# A Look At The Fibonacci Sequence: A Recursive and Iterative Solution

In mathematics, Fibonacci numbers form a *sequence*. The sequence commonly starts at 0 and 1. To get the next digit in the sequence, you simply add the previous two numbers together. For example, `0 + 1 = 1`

, thus the sequence begins: `0, 1, 1`

. If we continue this pattern, we’ll get the first few values of the sequence:

`0, 1, 1, 2, 3, 5, 8, 13, 21, 34`

Fibonacci numbers were first described in Indian mathematics by Acharya Pingala. However, they’re named after the Italian mathematician Leonardo of Pisa (later known as Fibonacci), who introduced the numbers in his book, Liber Abaci (*The Book of Calculation*).

That’s enough history for now. If you would like to learn more about the subject, Professor Keith Devlin from Stanford has an excellent lecture on YouTube, The Golden Ratio & Fibonacci Numbers: Fact versus Fiction.

In this article, we’re going to explore ways in which to solve an algorithmic interview question based on the Fibonacci sequence in JavaScript.

### Fibonacci Interview Question

The Fibonacci sequence appears commonly as a coding challenge. It’s mostly to get a glimpse of your strengths as a developer and to see if you’re familiar with recursion. Surely, if you were to implement this algorithm iteratively, you would most likely be asked to rewrite it with a recursive solution.

Nonetheless, the challenge is quite simple. The directions are as follows:

- Print out the n-th entry in the fibonacci series.

For example, `fib(0)`

should return `0`

, `fib(2)`

should return `1`

, and so on.

Let’s explore the first solution.

#### Iterative Solution

```
function fib(n) {
const result = [0, 1];
for (let i = 2; i <= n; i++) {
const a = result[i - 1];
const b = result[i - 2];
result.push(a + b);
}
return result[n];
}
console.log(fib(0)); // 0
console.log(fib(2)); // 1
```

**Runtime**: O(n) or linear runtime.

The *trick* in the code above is to declare a variable with two elements within: `0, 1`

. We’re doing this because we know they’re always going to be needed. It’s why we’re initializing the `for`

loop at `i = 2`

, skipping over the process of adding those two elements. Then we’re declaring two variables, `a`

and `b`

. Evidently, these variables will keep track of where we are within the sequence. They will be added together and pushed into the `result`

array.

#### Recursive solution

The topic of recursion confuses many new developers (and experienced ones as well). Let’s take a quick look at a description from Wikipedia:

*Recursion is a method of solving a computational problem where the solution depends on solutions to smaller instances of the same problem. Recursion solves such recursive problems by using functions that call themselves from within their own code*.

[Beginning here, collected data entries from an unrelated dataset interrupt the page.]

definition nonterminals :: "'a list set \<Rightarrow> 'a list set" where
  "nonterminals H = H - leaves H"

text \<open>An infoset partition of the nonterminal nodes is given by a labelling function
  (the infosets are its fibres on the nonterminal nodes); nodes of one infoset share
  the same action set.\<close>

definition infoset_partition :: "'a list set \<Rightarrow> ('a list \<Rightarrow> 'i) \<Rightarrow> bool" where
  "infoset_partition H infs \<longleftrightarrow>
     (\<forall>h\<in>nonterminals H. \<forall>h'\<in>nonterminals H. infs h = infs h' \<longrightarrow> acts H h = acts H h')"

definition strategies :: "'a list set \<Rightarrow> ('a list \<Rightarrow> 'i) \<Rightarrow> ('i \<Rightarrow> 'a \<Rightarrow> real) set" where
  "strategies H infs = {\<sigma>. \<forall>h\<in>nonterminals H.
      (\<forall>a\<in>acts H h. \<sigma> (infs h) a \<ge> 0) \<and> (\<Sum>a\<in>acts H h. \<sigma> (infs h) a) = 1}"

definition reach :: "('a list \<Rightarrow> 'i) \<Rightarrow> ('i \<Rightarrow> 'a \<Rightarrow> real) \<Rightarrow> 'a list \<Rightarrow> real" where
  "reach infs \<sigma> z = (\<Prod>k<length z. \<sigma> (infs (take k z)) (z ! k))"

definition exp_util ::
  "'a list set \<Rightarrow> ('a list \<Rightarrow> 'i) \<Rightarrow> ('a list \<Rightarrow> real) \<Rightarrow> ('i \<Rightarrow> 'a \<Rightarrow> real) \<Rightarrow> real" where
  "exp_util H infs u \<sigma> = (\<Sum>z\<in>leaves H. reach infs \<sigma> z * u z)"

definition opt_val :: "'a list set \<Rightarrow> ('a list \<Rightarrow> 'i) \<Rightarrow> ('a list \<Rightarrow> real) \<Rightarrow> real" where
  "opt_val H infs u = (SUP \<sigma>\<in>strategies H infs. exp_util H infs u \<sigma>)"

definition obs :: "('a list \<Rightarrow> 'i) \<Rightarrow> 'a list \<Rightarrow> ('i \<times> 'a) list" where
  "obs infs h = map (\<lambda>k. (infs (take k h), h ! k)) [0..<length h]"

text \<open>pr_1(Gamma): each infoset is split into the classes of equal obs_1.\<close>

definition pr1 :: "('a list \<Rightarrow> 'i) \<Rightarrow> 'a list \<Rightarrow> 'i \<times> ('i \<times> 'a) list" where
  "pr1 infs h = (infs h, obs infs h)"

definition nI :: "('a list \<Rightarrow> 'i) \<Rightarrow> 'a list \<Rightarrow> 'i \<Rightarrow> nat" where
  "nI infs z I = card {k. k < length z \<and> infs (take k z) = I}"

definition na :: "('a list \<Rightarrow> 'i) \<Rightarrow> 'a list \<Rightarrow> 'i \<Rightarrow> 'a \<Rightarrow> nat" where
  "na infs z I a = card {k. k < length z \<and> infs (take k z) = I \<and> z ! k = a}"

definition alpha :: "'a list set \<Rightarrow> ('a list \<Rightarrow> 'i) \<Rightarrow> 'a list \<Rightarrow> real" where
  "alpha H infs z =
     (\<Prod>I\<in>{I. nI infs z I > 1}.
        \<Prod>a\<in>{a \<in> acts H (take (LEAST k. k < length z \<and> infs (take k z) = I) z). na infs z I a > 0}.
          (real (na infs z I a) / real (nI infs z I)) ^ na infs z I a)"

end

(* Fix a leaf z and let (I_k, a_k) be the infosets and actions along its path. A behavioural
   strategy sigma reaches z with probability prod_k sigma(I_k)(a_k). The actions taken at an infoset
   along the path belong to its action set, so sum_k sigma(I_k)(a_k) / p_z(a_k) <= |z|, and then
   ln x <= x - 1 bounds the product by prod_k p_z(a_k) = alpha(z); playing the empirical frequencies
   p_z attains it. In pr_1(Gamma) the observation sequence identifies the node, so z can be reached
   with probability 1. Hence, if the utility is maximal, say M, at z, then
   opt(pr_1(Gamma)) <= M <= opt(Gamma) / alpha(z); and the utility that is 1 at z and 0 elsewhere
   attains the ratio 1 / alpha(z). *)

theory Submission
  imports Defs "HOL-Library.Sublist" "HOL-Library.Indicator_Function"
begin
lemma Dnonzero_ar_pd_pow_weight:
  fixes G :: "'e::euclidean_space jet \<Rightarrow> 'e list \<Rightarrow> 'e" and w :: "mi \<Rightarrow> real"
  assumes G: "jet_regular d m G"
    and w: "\<And>l. l \<in> mindex d \<Longrightarrow> 0 \<le> w l + c \<and> w (add_unit i l) \<le> w l + c"
  shows "set ks \<subseteq> mindex d \<Longrightarrow> Dnonzero_ar m ks ((pd d i ^^ n) G) \<Longrightarrow>
    \<exists>ks'. set ks' \<subseteq> mindex d \<and> Dnonzero_ar m ks' G \<and> sum_list (map w ks) \<le> sum_list (map w ks') + n * c"
proof (induction n arbitrary: ks)
  case 0
  then show ?case by auto
next
  case (Suc n)
  have "Dnonzero_ar m ks (pd d i ((pd d i ^^ n) G))" using Suc.prems(2) by simp
  then obtain ks1 where ks1: "set ks1 \<subseteq> mindex d" "Dnonzero_ar m ks1 ((pd d i ^^ n) G)"
      "sum_list (map w ks) \<le> sum_list (map w ks1) + c"
    using Dnonzero_ar_pd_weight[where w = w and c = c and i = i,
        OF jet_regular_pd_pow[OF G, where i = i and n = n] Suc.prems(1) _ w] by blast
  then obtain ks' where "set ks' \<subseteq> mindex d" "Dnonzero_ar m ks' G"
      "sum_list (map w ks1) \<le> sum_list (map w ks') + n * c"
    using Suc.IH by blast
  then show ?case using ks1(3) by (intro exI[of _ ks']) (simp add: algebra_simps)
qed

lemma Dnonzero_ar_foldr_pd_pow_weight:
  fixes G :: "'e::euclidean_space jet \<Rightarrow> 'e list \<Rightarrow> 'e" and w :: "mi \<Rightarrow> real"
  assumes G: "jet_regular d m G"
    and w: "\<And>i l. i \<in> set ixs \<Longrightarrow> l \<in> mindex d \<Longrightarrow> 0 \<le> w l + c i \<and> w (add_unit i l) \<le> w l + c i"
  shows "set ks \<subseteq> mindex d \<Longrightarrow> Dnonzero_ar m ks (foldr (\<lambda>i H. (pd d i ^^ (n i)) H) ixs G) \<Longrightarrow>
    \<exists>ks'. set ks' \<subseteq> mindex d \<and> Dnonzero_ar m ks' G \<and>
       sum_list (map w ks) \<le> sum_list (map w ks') + (\<Sum>i\<leftarrow>ixs. n i * c i)"
  using w
proof (induction ixs arbitrary: ks)
  case Nil
  then show ?case by auto
next
  case (Cons i ixs)
  have wi: "\<And>l. l \<in> mindex d \<Longrightarrow> 0 \<le> w l + c i \<and> w (add_unit i l) \<le> w l + c i"
    using Cons.prems(3) by simp
  have "Dnonzero_ar m ks ((pd d i ^^ n i) (foldr (\<lambda>i H. (pd d i ^^ (n i)) H) ixs G))"
    using Cons.prems(2) by simp
  then obtain ks1 where ks1: "set ks1 \<subseteq> mindex d"
      "Dnonzero_ar m ks1 (foldr (\<lambda>i H. (pd d i ^^ (n i)) H) ixs G)"
      "sum_list (map w ks) \<le> sum_list (map w ks1) + n i * c i"
    using Dnonzero_ar_pd_pow_weight[where w = w and c = "c i" and i = i and n = "n i",
        OF jet_regular_foldr_pd_pow[OF G, where c = n and ixs = ixs] wi Cons.prems(1)] by blast
  then obtain ks' where "set ks' \<subseteq> mindex d" "Dnonzero_ar m ks' G"
      "sum_list (map w ks1) \<le> sum_list (map w ks') + (\<Sum>i\<leftarrow>ixs. n i * c i)"
    using Cons.IH[OF ks1(1) ks1(2)] Cons.prems(3) by (metis list.set_intros(2))
  then show ?case using ks1(3) by (intro exI[of _ ks']) (simp add: algebra_simps)
qed

lemma directional_derivative_scaleR:
  fixes g :: "'e::real_normed_vector jet \<Rightarrow> 'f::real_normed_vector"
  assumes deriv: "\<And>h. ((\<lambda>t. g (\<phi>(k := \<phi> k + t *\<^sub>R h))) has_vector_derivative D h) (at 0)"
  shows "D (c *\<^sub>R x) = c *\<^sub>R D x"
proof -
  have "((\<lambda>t::real. c * t) has_vector_derivative c) (at 0)"
    using has_real_derivative_iff_has_vector_derivative by (auto intro!: derivative_eq_intros)
  moreover have "((\<lambda>s. g (\<phi>(k := \<phi> k + s *\<^sub>R x))) has_vector_derivative D x) (at (c * 0))"
    using deriv[of x] by simp
  ultimately have "((\<lambda>s. g (\<phi>(k := \<phi> k + s *\<^sub>R x))) \<circ> (\<lambda>t. c * t) has_vector_derivative c *\<^sub>R D x) (at 0)"
    by (rule vector_diff_chain_at)
  moreover have "(\<lambda>s. g (\<phi>(k := \<phi> k + s *\<^sub>R x))) \<circ> (\<lambda>t. c * t) = (\<lambda>t. g (\<phi>(k := \<phi> k + t *\<^sub>R (c *\<^sub>R x))))"
    by (auto simp: o_def mult.commute)
  ultimately show ?thesis
    using deriv[of "c *\<^sub>R x"] vector_derivative_unique_at by metis
qed

text \<open>Additivity is where the continuity of the derivatives enters: it makes
  \<open>(a, b) \<mapsto> g (\<phi> + a x + b y)\<close> Frechet differentiable at \<open>0\<close>
  (\<open>has_derivative_partialsI\<close>), and the diagonal \<open>a = b\<close> yields \<open>D \<phi> (x + y)\<close>.\<close>

lemma directional_derivative_add:
  fixes g :: "'e::real_normed_vector jet \<Rightarrow> 'f::real_normed_vector" and D :: "'e jet \<Rightarrow> 'e \<Rightarrow> 'f"
  assumes deriv: "\<And>\<psi> h. ((\<lambda>t. g (\<psi>(k := \<psi> k + t *\<^sub>R h))) has_vector_derivative D \<psi> h) (at 0)"
    and cont: "\<And>h. continuous_on UNIV (\<lambda>\<psi>. D \<psi> h)"
  shows "D \<phi> (x + y) = D \<phi> x + D \<phi> y"
proof -
  define \<Phi> where "\<Phi> = (\<lambda>a b. \<phi>(k := \<phi> k + a *\<^sub>R x + b *\<^sub>R y))"
  have dx: "((\<lambda>a. g (\<Phi> a 0)) has_derivative (\<lambda>s. s *\<^sub>R D \<phi> x)) (at 0)"
    using deriv[of \<phi> x] by (simp add: \<Phi>_def has_vector_derivative_def)
  have dy: "((\<lambda>b. g (\<Phi> a b)) has_derivative blinfun_apply (blinfun_scaleR_left (D (\<Phi> a b) y))) (at b)" for a b
  proof -
    have "(\<Phi> a b)(k := \<Phi> a b k + s *\<^sub>R y) = \<Phi> a (s + b)" for s
      by (simp add: \<Phi>_def algebra_simps)
    then have "((\<lambda>s. g (\<Phi> a (s + b))) has_vector_derivative D (\<Phi> a b) y) (at (b - b))"
      using deriv[of "\<Phi> a b" y] by simp
    moreover have "((\<lambda>b'. b' - b) has_vector_derivative 1) (at b)"
      by (auto intro!: derivative_eq_intros)
    ultimately have "((\<lambda>s. g (\<Phi> a (s + b))) \<circ> (\<lambda>b'. b' - b) has_vector_derivative 1 *\<^sub>R D (\<Phi> a b) y) (at b)"
      by (intro vector_diff_chain_at)
    then show ?thesis by (simp add: o_def has_vector_derivative_def)
  qed
  have "continuous_on UNIV (\<lambda>p::real \<times> real. \<Phi> (fst p) (snd p))"
  proof (rule continuous_on_coordinatewise_then_product)
    show "continuous_on UNIV (\<lambda>p::real \<times> real. \<Phi> (fst p) (snd p) l)" for l
      by (cases "l = k") (auto simp: \<Phi>_def intro!: continuous_intros)
  qed
  then have "continuous_on UNIV (\<lambda>p::real \<times> real. blinfun_scaleR_left (D (\<Phi> (fst p) (snd p)) y))"
    by (intro continuous_on_compose2[OF cont[of y], THEN bounded_linear.continuous_on[OF bounded_linear_blinfun_scaleR_left]]) auto
  then have cont_dy: "continuous (at (0, 0) within UNIV \<times> UNIV) (\<lambda>(a, b). blinfun_scaleR_left (D (\<Phi> a b) y))"
    by (simp add: case_prod_beta' continuous_on_eq_continuous_within)
  have partials: "((\<lambda>(a, b). g (\<Phi> a b)) has_derivative (\<lambda>(ta, tb). ta *\<^sub>R D \<phi> x + tb *\<^sub>R D \<phi> y))
      (at (0, 0))"
    using has_derivative_partialsI[where f = "\<lambda>a b. g (\<Phi> a b)", OF dx dy cont_dy]
    by (simp add: \<Phi>_def)
  have diagonal: "((\<lambda>t::real. (t, t)) has_derivative (\<lambda>t. (t, t))) (at 0)"
    by (intro has_derivative_Pair has_derivative_ident)
  have "((\<lambda>t. g (\<Phi> t t)) has_derivative (\<lambda>t. t *\<^sub>R (D \<phi> x + D \<phi> y))) (at 0)"
    using has_derivative_compose[OF diagonal partials] by (simp add: scaleR_add_right)
  moreover have "(\<lambda>t. g (\<Phi> t t)) = (\<lambda>t. g (\<phi>(k := \<phi> k + t *\<^sub>R (x + y))))"
    by (simp add: \<Phi>_def algebra_simps scaleR_add_right)
  ultimately show ?thesis
    using deriv[of \<phi> "x + y"] vector_derivative_unique_at unfolding has_vector_derivative_def by metis
qed

lemma linear_directional_derivative:
  fixes g :: "'e::real_normed_vector jet \<Rightarrow> 'f::real_normed_vector" and D :: "'e jet \<Rightarrow> 'e \<Rightarrow> 'f"
  assumes "\<And>\<psi> h. ((\<lambda>t. g (\<psi>(k := \<psi> k + t *\<^sub>R h))) has_vector_derivative D \<psi> h) (at 0)"
    and "\<And>h. continuous_on UNIV (\<lambda>\<psi>. D \<psi> h)"
  shows "linear (D \<phi>)"
  using directional_derivative_add[OF assms] directional_derivative_scaleR[OF assms(1)] by (rule linearI)
lemma v_neg_limit: "v r < 0"
proof (rule ccontr)
  assume "\<not> v r < 0"
  then have "v r = 0" using v_nonpos_limit by simp
  have "truncated_source p M (u r) 0 > 0"
    using u_pos_limit by (simp add: truncated_source_def clamp_real_eq)
  then have "eventually (\<lambda>y. v r < v y) (at_left r)"
    using v_deriv[OF r] \<open>v r = 0\<close> by (intro eventually_at_left_greater_if_deriv_neg) auto
  with eventually_in_region_at_left have "eventually (\<lambda>y. False) (at_left r)"
    by eventually_elim (simp add: in_region_def \<open>v r = 0\<close>)
  then show False by simp
qed

lemma region_strict_limit: "(v r)\<^sup>2 < q * u r powr (p + 1)"
proof -
  define H where "H y = q * u y powr (p + 1) - v y * v y" for y
  have "(H \<longlongrightarrow> H r) (at_left r)"
    unfolding H_def using u_pos_limit by (intro tendsto_intros tendsto_u_at_left tendsto_v_at_left) auto
  then have "0 \<le> H r"
    by (rule tendsto_lowerbound)
      (use eventually_in_region_at_left in \<open>auto elim: eventually_mono simp: in_region_def H_def power2_eq_square\<close>)
  moreover have "H r \<noteq> 0"
  proof
    assume "H r = 0"
    define U W where "U = u r" and "W = - v r"
    have U: "U > 0" and W: "W > 0" and WU: "W\<^sup>2 = q * U powr (p + 1)"
      using u_pos_limit v_neg_limit \<open>H r = 0\<close> by (auto simp: U_def W_def H_def power2_eq_square)
    have "U \<le> 1"
      using u_le_1_before[of r] r by (simp add: U_def)
    then have "W \<le> 2 * U"
      using abs_le_twice_if_square_le_powr[of U p q "- W"] U WU W p_gt_1 q_lt_2 by simp
    then have source: "truncated_source p M (u r) (v r) = U powr p + M * W powr q"
      using U W u_le_1_before[of r] r by (simp add: truncated_source_eq U_def W_def q_def)
    have "((\<lambda>y. u y powr (p + 1)) has_real_derivative (p + 1) * u r powr p * v r) (at r)"
      using DERIV_chain2[OF has_real_derivative_powr[OF u_pos_limit, of "p + 1"] u_deriv_at[OF r]]
      by simp
    from DERIV_diff[OF DERIV_cmult[OF this, of q] DERIV_mult[OF v_deriv[OF r] v_deriv[OF r]]]
    have "(H has_real_derivative q * ((p + 1) * U powr p * (- W))
        - 2 * (- W) * (- (U powr p + M * W powr q) - (real N - 1) / r * (- W))) (at r)"
      unfolding H_def[abs_def] source by (simp add: U_def W_def algebra_simps)
    then have "eventually (\<lambda>y. H y < H r) (at_left r)"
      using boundary_derivative_pos[OF r U W WU] by (rule eventually_at_left_less_if_deriv_pos)
    with eventually_in_region_at_left have "eventually (\<lambda>y. False) (at_left r)"
      by eventually_elim (use \<open>H r = 0\<close> in \<open>auto simp: in_region_def H_def power2_eq_square\<close>)
    then show False by simp
  qed
  ultimately show ?thesis
    by (simp add: H_def power2_eq_square)
qed

end
lemma gram_orthogonal_components_le:
  fixes b bt p q x y :: "'a::real_inner"
  assumes "x \<in> S" "y \<in> S" "\<And>w. w \<in> S \<Longrightarrow> orthogonal p w" "\<And>w. w \<in> S \<Longrightarrow> orthogonal q w"
    and "b = x + p" "bt = y + q" "b \<noteq> 0"
  shows "(p \<bullet> p) * (q \<bullet> q) - (p \<bullet> q)\<^sup>2 \<le> (p \<bullet> p) * ((norm bt)\<^sup>2 * (sin (vang bt b))\<^sup>2)"
proof -
  define s where "s = (bt \<bullet> b) / (b \<bullet> b)"
  have "p \<bullet> x = 0" "p \<bullet> y = 0" "q \<bullet> x = 0" "q \<bullet> y = 0"
    using assms(1-4) by (simp_all add: orthogonal_def)
  then have "orthogonal (y - s *\<^sub>R x) (q - s *\<^sub>R p)"
    by (simp add: orthogonal_def inner_diff_left inner_diff_right inner_commute)
  moreover have "bt - s *\<^sub>R b = (y - s *\<^sub>R x) + (q - s *\<^sub>R p)"
    by (simp add: assms(5,6) algebra_simps)
  ultimately have "(norm (q - s *\<^sub>R p))\<^sup>2 \<le> (norm (bt - s *\<^sub>R b))\<^sup>2"
    by (simp add: norm_add_Pythagorean)
  also have "\<dots> = (norm bt)\<^sup>2 * (sin (vang bt b))\<^sup>2"
    unfolding s_def by (rule norm_diff_proj_sq_sin[OF assms(7)])
  finally show ?thesis
    using gram_le_norm_diff_sq[of p q s] by (smt (verit) inner_ge_zero mult_left_mono)
qed

lemma vang_le_replace_by_projection:
  fixes z p q :: "'a::real_inner"
  defines "c \<equiv> (p \<bullet> q) / (q \<bullet> q)"
  assumes "orthogonal z p" "q \<noteq> 0" "z + t *\<^sub>R p \<noteq> 0" "0 \<le> g" "g < pi/2"
    and "(p \<bullet> p) * (q \<bullet> q) - (p \<bullet> q)\<^sup>2 \<le> (p \<bullet> p) * (q \<bullet> q) * (sin g)\<^sup>2"
  shows "z + (t * c) *\<^sub>R q \<noteq> 0" "vang (z + t *\<^sub>R p) (z + (t * c) *\<^sub>R q) \<le> g"
proof -
  have "q \<bullet> q > 0" using assms(3) by simp
  then have gram: "p \<bullet> p - (p \<bullet> q)\<^sup>2 / (q \<bullet> q) \<le> (p \<bullet> p) * (sin g)\<^sup>2"
    using assms(7) by (simp add: field_simps)
  have "z + t *\<^sub>R p - (z + (t * c) *\<^sub>R q) = t *\<^sub>R (p - c *\<^sub>R q)"
    by (simp add: scaleR_diff_right)
  then have "(norm (z + t *\<^sub>R p - (z + (t * c) *\<^sub>R q)))\<^sup>2 = t\<^sup>2 * (norm (p - c *\<^sub>R q))\<^sup>2"
    by (simp add: power_mult_distrib)
  also have "\<dots> = t\<^sup>2 * (p \<bullet> p - (p \<bullet> q)\<^sup>2 / (q \<bullet> q))"
    unfolding c_def by (simp add: norm_diff_proj_sq[OF assms(3)])
  also have "\<dots> \<le> t\<^sup>2 * ((p \<bullet> p) * (sin g)\<^sup>2)"
    using gram by (intro mult_left_mono) auto
  also have "\<dots> \<le> (norm (z + t *\<^sub>R p))\<^sup>2 * (sin g)\<^sup>2"
  proof -
    have "(norm (z + t *\<^sub>R p))\<^sup>2 = (norm z)\<^sup>2 + t\<^sup>2 * (p \<bullet> p)"
      using assms(2) by (simp add: norm_add_Pythagorean orthogonal_clauses power_mult_distrib
        dot_square_norm)
    then show ?thesis by (simp add: algebra_simps mult_right_mono)
  qed
  finally show "z + (t * c) *\<^sub>R q \<noteq> 0" "vang (z + t *\<^sub>R p) (z + (t * c) *\<^sub>R q) \<le> g"
    using vang_le_if_norm_diff_le[OF assms(4-6)] by auto
qed

lemma vsang_span_insert_le:
  fixes A :: "'a::euclidean_space set" and b bt v :: 'a
  assumes "b \<noteq> 0" "bt \<noteq> 0" "vang bt b < vsang bt (span A)"
    and "v \<in> span (insert b A)" "v \<noteq> 0"
  shows "vsang v (span (insert bt A)) \<le> pi/2 * vang bt b / vsang bt (span A)"
proof -
  define \<alpha> where "\<alpha> = vang bt b"
  define \<beta> where "\<beta> = vsang bt (span A)"
  define \<gamma> where "\<gamma> = pi/2 * \<alpha> / \<beta>"
  have \<alpha>\<beta>: "0 \<le> \<alpha>" "\<alpha> < \<beta>" "\<beta> \<le> pi/2"
    using vang_bounds[of bt b] assms(3) vsang_le_pi_half[of "span A" bt]
    by (auto simp: \<alpha>_def \<beta>_def)
  then have \<gamma>: "0 \<le> \<gamma>" "\<gamma> < pi/2" by (simp_all add: \<gamma>_def field_simps)
  obtain x p where x: "x \<in> span A" and p: "\<And>w. w \<in> span A \<Longrightarrow> orthogonal p w" and "b = x + p"
    using orthogonal_subspace_decomp_exists[of A b] by metis
  obtain y q where y: "y \<in> span A" and q: "\<And>w. w \<in> span A \<Longrightarrow> orthogonal q w" and "bt = y + q"
    using orthogonal_subspace_decomp_exists[of A bt] by metis
  obtain t where "v - t *\<^sub>R b \<in> span A" using assms(4) span_breakdown_eq by blast
  define z where "z = v - t *\<^sub>R p"
  have "z = (v - t *\<^sub>R b) + t *\<^sub>R x" by (simp add: z_def \<open>b = x + p\<close> algebra_simps)
  then have z: "z \<in> span A" using \<open>v - t *\<^sub>R b \<in> span A\<close> x by (simp add: span_add span_scale)
  have "sin \<beta> > 0" using \<alpha>\<beta> by (intro sin_gt_zero) auto
  then have "0 < (norm bt)\<^sup>2 * (sin \<beta>)\<^sup>2" using assms(2) by simp
  moreover have q_ge: "(norm bt)\<^sup>2 * (sin \<beta>)\<^sup>2 \<le> (norm q)\<^sup>2"
    unfolding \<beta>_def by (rule norm_orthogonal_component_ge[OF subspace_span y q \<open>bt = y + q\<close>])
  ultimately have "q \<noteq> 0" by auto
  have "sin \<alpha> \<le> sin \<beta> * sin \<gamma>"
    using sin_mult_le_sin_mult_sin[of "\<alpha> / \<beta>" \<beta>] \<alpha>\<beta> by (simp add: \<gamma>_def field_simps)
  moreover have "0 \<le> sin \<alpha>" using vang_bounds[of bt b] by (simp add: \<alpha>_def sin_ge_zero)
  ultimately have sin_\<alpha>: "(sin \<alpha>)\<^sup>2 \<le> (sin \<beta>)\<^sup>2 * (sin \<gamma>)\<^sup>2"
    by (metis power_mono power_mult_distrib)
  have "(p \<bullet> p) * (q \<bullet> q) - (p \<bullet> q)\<^sup>2 \<le> (p \<bullet> p) * ((norm bt)\<^sup>2 * (sin \<alpha>)\<^sup>2)"
    unfolding \<alpha>_def
    by (rule gram_orthogonal_components_le[OF x y p q \<open>b = x + p\<close> \<open>bt = y + q\<close> assms(1)])
  also have "\<dots> \<le> (p \<bullet> p) * ((norm bt)\<^sup>2 * (sin \<beta>)\<^sup>2 * (sin \<gamma>)\<^sup>2)"
    using sin_\<alpha> by (simp add: mult_left_mono mult.assoc)
  also have "\<dots> \<le> (p \<bullet> p) * ((q \<bullet> q) * (sin \<gamma>)\<^sup>2)"
    using q_ge by (intro mult_left_mono mult_right_mono) (simp_all add: dot_square_norm)
  also have "\<dots> = (p \<bullet> p) * (q \<bullet> q) * (sin \<gamma>)\<^sup>2" by (simp only: mult.assoc)
  finally have gram: "(p \<bullet> p) * (q \<bullet> q) - (p \<bullet> q)\<^sup>2 \<le> (p \<bullet> p) * (q \<bullet> q) * (sin \<gamma>)\<^sup>2" .
  define w where "w = z + (t * ((p \<bullet> q) / (q \<bullet> q))) *\<^sub>R q"
  have "orthogonal z p" using p[OF z] by (rule orthogonal_commute[THEN iffD1])
  moreover have "v = z + t *\<^sub>R p" by (simp add: z_def)
  ultimately have "w \<noteq> 0" "vang v w \<le> \<gamma>"
    using vang_le_replace_by_projection[OF _ \<open>q \<noteq> 0\<close> _ \<gamma> gram] assms(5)
    unfolding w_def by auto
  moreover have "w \<in> span (insert bt A)"
  proof -
    have "span A \<subseteq> span (insert bt A)" by (intro span_mono) auto
    moreover have "q = bt - y" by (simp add: \<open>bt = y + q\<close>)
    ultimately show ?thesis
      using y z unfolding w_def by (metis span_add span_base span_diff span_scale insertI1 subsetD)
  qed
  ultimately show ?thesis
    using vsang_le_vang[of w "span (insert bt A)" v] by (simp add: \<alpha>_def \<beta>_def \<gamma>_def)
qed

Put simply, recursion is a function that *calls itself from within itself*. Confusing, we know. Nonetheless, if your interviewer is asking you a question regarding the Fibonacci sequence, chances are they’re going to ask you for a recursive solution. Let’s study the solution and explore it a bit more in-depth to see how it works.

```
function fib(n) {
if (n < 2) {
return n;
}
return fib(n - 1) + fib(n - 2);
}
console.log(fib(0)); // 0
console.log(fib(2)); // 1
```

It looks rather simple, no? Just a few lines of code. But what is happening here?

First, we’re declaring a conditional to check if `n < 2`

. This is the *base case*, which is *necessary*. If `n`

is less than 2, then there’s no need to continue, `n`

will be returned.

Although the base case is important, it isn’t so interesting. The line after is what we want to know about.

To put it into better perspective, let’s explore what happens if we were to call `fib(3)`

. If we call `fib(3)`

, the pass case will check if `3 < 2`

. It’s not, so the next step is `return fib(3 - 1) + fib(3 - 2);`

, resulting in `fib(3) + fib(1)`

. Well, now we have `fib(2)`

and `fib(1)`

, which will then be ran again and again until we’re left with a total of `2`

.

To get a better idea of this, study the diagram below.

The `fib()`

function will recursively call itself until it reaches the *base case*.

You can clearly see that the only time the code isn’t getting passed the base case is when `fib(2)`

, which will then be ran again as `fib(0)`

and `fib(1)`

, and we’ve already passed a case of `fib(1)`

, so `fib(1) + fib(1)`

will return our result, `2`

.

**Runtime**: O(2^n) or exponential.

### Conclusion

In this article, we explored a common interview question, the Fibonacci sequence and explored an iterative solution and a recursive solution in JavaScript. In the next article, we’ll explore a topic called *memoization*, and show how to optimize the recursive `fib()`

function above.

Happy hacking!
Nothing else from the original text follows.